Я наблюдаю, как горло Рии подрагивает, когда она сглатывает, отводя взгляд. — Я тебе верю, — её голос звучит грубо при этих словах, когда она снова встречается с моими глазами, и дрожь пробегает по моему позвоночнику. — Они забрали и меня, ты знаешь.

Эти слова едва ли больше, чем шепот.

Но прежде чем я успеваю что-то сказать, мы оба слышим шаги по коридору, уверенные и быстрые.

Риа сразу же выпрямляется, поворачивается лицом к коридору, и я слышу брата раньше, чем вижу его.

— Ты готова, Сид? — он звучит нетерпеливо, напряженно.

Когда он появляется в поле зрения, он замирает и смотрит на Рию. Возможно, она бросилась в его объятия во время Ноктема, потому что знала, что он лучше, чем та 6, которая похитила ее, отпустив на свободу на несколько недель, когда она бежала от Мава, но между ними не было любви. Я не думаю, что она забыла, как он держал пистолет у ее головы той ночью в машине, несколько месяцев назад.

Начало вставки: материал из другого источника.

(* Let $(G,\cdot)$ be a semigroup, $(G,\curlywedge)$ a semilattice on the same set $G$, and $\xi,\delta\subseteq G\times G$ binary relations. Then $(G,\cdot,\curlywedge,\xi,\delta)$ is isomorphic to some transformative $\cap$-semigroup of transformations $(\Phi,\cdot,\cap,\xi_\Phi,\delta_\Phi)$ if and only if all of the following hold: (1) $\xi$ is left regular (i.e. $(u,v)\in\xi\Rightarrow(xu,xv)\in\xi$ for all $x,u,v\in G$) and contains the semilattice order $\zeta$; (2) $\delta$ is a left ideal of $(G,\cdot)$ (i.e. $(x,y)\in\delta\Rightarrow(ux,y)\in\delta$ for all $x,y,u\in G$); (3) for all $x,y,z,u,v\in G$: $x(y\curlywedge z)=xy\curlywedge xz$; \ $x\leqslant y\wedge u\leqslant v\wedge y\downarrow v\Rightarrow u\downarrow x$; \ $x\downarrow y\Rightarrow (x\curlywedge y)u=xu\curlywedge yu$; (4) for every positive integer $n$ and all $x,y\in G$ the following axioms hold: $A_n$: if $\mathfrak{X}_n(x\curlywedge y,\{x\})$ then $x\curlywedge y=x$; $B_n$: if $\mathfrak{X}_n(x\curlywedge y,\{x,y\})$ then $(x,y)\in\xi$; $C_n$: if $\mathfrak{X}_n(xy,\{x\})$ then $(x,y)\in\delta$.
   Context: Notation on $G$: $x\leqslant y$ iff $x\curlywedge y=x$ (the semilattice order $\zeta$); $x\downarrow y$ iff $(x,y)\in\xi$; $x\vdash y$ iff $(x,y)\in\delta$. $G^*=G\cup\{e\}$ is the semigroup obtained by adjoining a new identity $e\notin G$, with conventions $e\leqslant e$, $e\vdash e$, and $x\vdash e$ for all $x\in G$. The formula $a\boxdot b\leqslant c$ abbreviates $a\vdash b\wedge ab\leqslant c$. For a positive integer $n$, $z\in G$ and $H\subseteq G$, $\mathfrak{X}_n(z,H)$ is the statement: there exist $x_i,y_i,t_i\in G^*$ and $u_i,v_i\in G$ ($1\le i\le 2^n-1$) such that (a) $u_1\downarrow v_1$ and $(u_1\curlywedge v_1)x_1\boxdot y_1\leqslant z t_1$; (b) for every $i$ with $1\le i\le 2^{n-1}-1$: $u_{2i}\downarrow v_{2i}$, $(u_{2i}\curlywedge v_{2i})x_{2i}\boxdot y_{2i}\leqslant u_i t_{2i}$, $u_{2i+1}\downarrow v_{2i+1}$ and $(u_{2i+1}\curlywedge v_{2i+1})x_{2i+1}\boxdot y_{2i+1}\leqslant v_i x_i t_{2i+1}$; (c) for every $i$ with $2^{n-1}\le i\le 2^n-1$: $u_i\in H$ and $v_ix_i\in H$. Transformations: for a nonempty set $A$, a transformation is a partial map $A\to A$ regarded as a subset of $A\times A$, with domain $\mathrm{pr}_1 f$ and image $\mathrm{pr}_2 f$. The product $f\cdot g$ is "first $f$, then $g$": $(f\cdot g)(a)=g(f(a))$, defined exactly when $a\in\mathrm{pr}_1 f$ and $f(a)\in\mathrm{pr}_1 g$. A transformative $\cap$-semigroup of transformations is $(\Phi,\cdot,\cap,\xi_\Phi,\delta_\Phi)$ where $\Phi$ is a set of transformations of a nonempty set $A$ closed under this product and under set-theoretic intersection, $\xi_\Phi=\{(f,g):f$ and $g$ coincide on $\mathrm{pr}_1 f\cap\mathrm{pr}_1 g\}$, and $\delta_\Phi=\{(f,g):\mathrm{pr}_2 f\subseteq\mathrm{pr}_1 g\}$. *)

theory Defs
  imports Main
begin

Со мной он поступил гораздо хуже.

Я тоже не забыла, но, думаю, я привыкла ожидать этого от него.

Он засовывает руки в карманы своих серых баскетбольных шорт, белая футболка натянута на его широкой груди. Я понимаю, что должна быть в спортивной форме, потому что мы тренируемся каждое утро, но почему-то после того, что произошло прошлой ночью, я решила, что сегодня утром мы можем пропустить тренировку.

Мне лучше знать.

И если никто, блядь, мне не верит, если нет никаких доказательств, может, он даже не думает, что есть повод для беспокойства.

Мы просто будем работать как обычно.

Даже при непостоянном графике мой брат — приверженец рутины. Я думаю, это помогает ему чувствовать себя под контролем, когда он провел так много своей жизни вне контроля. Мне знакомо это чувство, потому что у меня тоже так было. Но я не хочу контроля.

Я жажду свободы. Побега.

Но там был кто-то.

— Что ты делаешь? — Джеремайя спрашивает Рию, его голос низкий, он качает головой, прядь его темно-каштановых волнистых волос чуть выше бледно-зеленых глаз.

Риа делает шаг назад, но натыкается на дверную раму.

— Я просто...

— Она сказала мне, что ты с Николасом считаете меня сумасшедшей, — вклиниваюсь я, подходя ближе к ним, чтобы защитить Рию от ужасного нрава моего брата.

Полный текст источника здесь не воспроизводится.